Глава тридцать первая. Прощание дома

Светлана Красавцева
   В Москве после кремации тела сына мне пришлось прожить ещё почти неделю: урну с прахом выдают не сразу. В квартире у Беловых находиться я не могла: Николай Петрович постоянно плакал по Андрюше, а Надежда Ильинична целыми днями могла в подробностях рассказывать о своих болячках, смаковала нюансы, ждала сочувствия и сопереживания. Да и сама квартира напоминала о том, что ещё совсем недавно здесь жил мой дорогой сыночек. Вот тут, на этом кресле-кровати он спал, вот его записная книжка, где на первой странице написано: "План покорения Москвы". Этим полотенцем он вытирался, а бритвой брился...
   Я разобрала все его вещи, оставила только то, что может служить памятью о нем: фотографии, записи, несколько его любимых сувениров. Остальное сложила в чистые пакеты и вынесла к мусорнику. Положила рядом с ящиками. А когда через полчаса выглянула из окна, увидела, что пакеты исчезли. Что ж, пусть его одежда, обувь и постельные принадлежности послужат тем, кому они нужны!
Я старалась пораньше уйти из дома, пока старики ещё спят (дверь можно было просто захлопнуть) и возвращалась уже вечером. Большую часть времени я просто бродила по Москве - любимому городу моего Андрюши. Я заходила в Макдональдс, заказывала что подешевле и вспоминала, как мы сидели вот на этом же месте, на открытой площадке и со смехом кормили обнаглевших воробьев, которые чуть ли не в тарелку залетали! Вокруг все так же бегали детишки, пришедшие с родителями, так же чирикали воробьи, ожидая подачки. Светило солнышко. НИЧЕГО в этом мире не изменилось с уходом моего сына. И это правильно! И это хорошо и справедливо! И у меня уже не было горечи потери. Я ПРИНЯЛА и его уход, который стал ему ОСВОБОЖДЕНИЕМ от мук и страданий. Я приняла и своё облегчение от его ухода (вначале я стыдилась этого - как же, по всем представлениям, я должна была убиваться от горя!). Мне же действительно больнее было наблюдать, как постепенно он переходит как бы в другое измерение, как больно и страшно ему после комы, как совсем молодой парень сознает, что будущего у него НЕТ! Я приняла его уход так, как, наверное, и должна была принять! И нечего этого стыдиться. И посещая места, где мы бывали вместе - это был не мазохизм, не желание разбередить свежие раны, а это были просто СВЕТЛЫЕ воспоминания! Воспоминания о хорошем, добром, веселом человеке, оптимисте и шутнике, который прожил свою короткую жизнь так, что ни ему не стыдно за неё, ни тем, кто жил рядом с ним!
   Я заходила в храм на проспекте Мира, ставила свечечку и своими словами просила Бога и всех святых принять светлую душу моего сына. И если там, после смерти что-то существует (я надеюсь, что это так!), то пусть он там будет счастлив! Здесь, на Земле он перенес слишком много страданий!
   Я сходила на площадь трех вокзалов и купила шаурму в том самом ларьке, у того продавца, где Андрюша был завсегдатаем и попросила нерусского парня помянуть моего сына по-своему.
   Чтобы не возвращаться домой, я часами просто бродила по улицам, сидела в скверах, благо, что погода была хорошая. Денег практически не осталось, поэтому из еды покупала, что подешевле, просто чтобы голод не разъедал желудок.
   Часть времени я посвятила вхождению в наследство. Смешно просто! Это ради шести тысяч рублей на сберкнижке, которые у сына остались. А беготни оказалось много! Но все равно больше заняться было нечем!

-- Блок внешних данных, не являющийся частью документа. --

(* Let $L>0$, let $v_\textup{d}>0$ be a constant, and let $K:\mathbb{R}\to\mathbb{R}$ satisfy the following: the support of $K$ is $[0,R]$ with $0<R<L$; $K\in C^2(0,R)$ with $K,K''\in L^\infty(0,R)$; $K(z)>0$ and $K'(z)<0$ for $z\in(0,R)$; $K(0)=K(R)=0$ and $K(0^+):=\lim_{z\to0^+}K(z)>0$. Consider on the periodic domain $[0,L)$ the nonlocal conservation law \[ \partial_t\rho_t+\partial_x\Big(\rho_t\Big(v_\textup{d}-\int K(y-x)\rho_t(y)\,dy\Big)\Big)=0. \] Then every spatially homogeneous (constant) density $\rho_t(x)\equiv\bar\rho\ge0$ is a solution, and it is locally (i.e. linearly) stable and attractive: for the linearized equation around $\bar\rho$, every spatially periodic Fourier mode $e^{\sigma_k t+\mathbf{i}\frac{2\pi}{L}kx}$ with $k\in\mathbb{Z}\setminus\{0\}$ has $\operatorname{Re}(\sigma_k)<0$.
   Context: $\mathbf{i}$ denotes the imaginary unit. For the constant solution the velocity is $v[\bar\rho]=v_\textup{d}-\bar\rho\int_0^RK(z)\,dz$. The constant mode $k=0$ is excluded since it corresponds to a constant-in-space perturbation. *)

theory Defs
  imports "HOL-Analysis.Analysis"
begin

definition kernel_assms :: "(real \<Rightarrow> real) \<Rightarrow> real \<Rightarrow> bool" where
  "kernel_assms K R \<longleftrightarrow>
     0 < R \<and>
     closure {z. K z \<noteq> 0} = {0..R} \<and>
     (\<exists>K1 K2. (\<forall>z\<in>{0<..<R}. (K has_real_derivative K1 z) (at z)) \<and>
              (\<forall>z\<in>{0<..<R}. (K1 has_real_derivative K2 z) (at z)) \<and>
              continuous_on {0<..<R} K2 \<and>
              bounded (K ` {0<..<R}) \<and> bounded (K2 ` {0<..<R}) \<and>
              (\<forall>z\<in>{0<..<R}. K1 z < 0)) \<and>
     (\<forall>z\<in>{0<..<R}. K z > 0) \<and>
     K 0 = 0 \<and> K R = 0 \<and>
     (\<exists>c>0. (K \<longlongrightarrow> c) (at_right 0))"

text \<open>Flux of the nonlocal conservation law
  d/dt rho + d/dx (rho (v_d - int K(y-x) rho(y) dy)) = 0 (x in R, rho L-periodic in x).\<close>
definition nl_flux :: "(real \<Rightarrow> real) \<Rightarrow> real \<Rightarrow> (real \<Rightarrow> real \<Rightarrow> real) \<Rightarrow> real \<Rightarrow> real \<Rightarrow> real" where
  "nl_flux K vd rho t x = rho t x * (vd - integral UNIV (\<lambda>y. K (y - x) * rho t y))"

definition nl_solution :: "(real \<Rightarrow> real) \<Rightarrow> real \<Rightarrow> (real \<Rightarrow> real \<Rightarrow> real) \<Rightarrow> bool" where
  "nl_solution K vd rho \<longleftrightarrow>
     (\<forall>t>0. \<forall>x. \<exists>a b. ((\<lambda>s. rho s x) has_real_derivative a) (at t) \<and>
                     ((\<lambda>y. nl_flux K vd rho t y) has_real_derivative b) (at x) \<and>
                     a + b = 0)"

definition v_const :: "(real \<Rightarrow> real) \<Rightarrow> real \<Rightarrow> real \<Rightarrow> real \<Rightarrow> real" where
  "v_const K R vd rhob = vd - rhob * integral {0..R} K"

definition lin_flux :: "(real \<Rightarrow> real) \<Rightarrow> real \<Rightarrow> real \<Rightarrow> real \<Rightarrow> (real \<Rightarrow> real \<Rightarrow> complex) \<Rightarrow> real \<Rightarrow> real \<Rightarrow> complex" where
  "lin_flux K R vd rhob u t x =
     complex_of_real (v_const K R vd rhob) * u t x
     - complex_of_real rhob * integral UNIV (\<lambda>y. complex_of_real (K (y - x)) * u t y)"

definition lin_solution :: "(real \<Rightarrow> real) \<Rightarrow> real \<Rightarrow> real \<Rightarrow> real \<Rightarrow> (real \<Rightarrow> real \<Rightarrow> complex) \<Rightarrow> bool" where
  "lin_solution K R vd rhob u \<longleftrightarrow>
     (\<forall>t>0. \<forall>x. \<exists>a b. ((\<lambda>s. u s x) has_vector_derivative a) (at t) \<and>
                     ((\<lambda>y. lin_flux K R vd rhob u t y) has_vector_derivative b) (at x) \<and>
                     a + b = 0)"

definition fourier_mode :: "real \<Rightarrow> int \<Rightarrow> complex \<Rightarrow> real \<Rightarrow> real \<Rightarrow> complex" where
  "fourier_mode L k \<sigma> t x = exp (\<sigma> * complex_of_real t + \<i> * complex_of_real (2 * pi / L * of_int k * x))"

end

theory Submission
  imports Defs
begin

   Наконец пришло время ехать за урной с прахом. Страшно ли мне было? Нет, вовсе нет! Я прекрасно знала, что душа Андрюши уже далеко и что этот пепел, который я привезу домой, это уже просто материальная субстанция, как память о нем, чтобы было что похоронить и потом приходить на могилку и ПОМНИТЬ! Но ведь я и так НИКОГДА не забуду моего сыночка!
   Сама урна оказалась довольно красивой керамической вазой с крышкой. Но она помещалась в контейнер, который мне опечатали в присутствии трех свидетелей, чтобы я могла без проблем перевезти через границу. От Андрюши, ростом в 183 сантиметра и весом больше ста двадцати килограммов остался цилиндрический контейнер около пяти кило веса... Последнюю ночь в Москве я ночевала в одной комнате с этой урночкой. И опять мне ничего не снилось, и я спала всю ночь... Всё, что можно, уже отболело за эти тяжелые семь лет борьбы за его жизнь!
   В поезде, в обычном плацкартном вагоне, урна лежала под нижней полкой и НИКОМУ из пассажиров, едущих рядом, я не сказала, ЧТО за груз я везу. Зачем смущать людей? Кто знает, как могут к этому отнестись особо нервные натуры... На обеих таможнях - российской и украинской - к счастью в ящики никто не заглядывал, и багажом не интересовались!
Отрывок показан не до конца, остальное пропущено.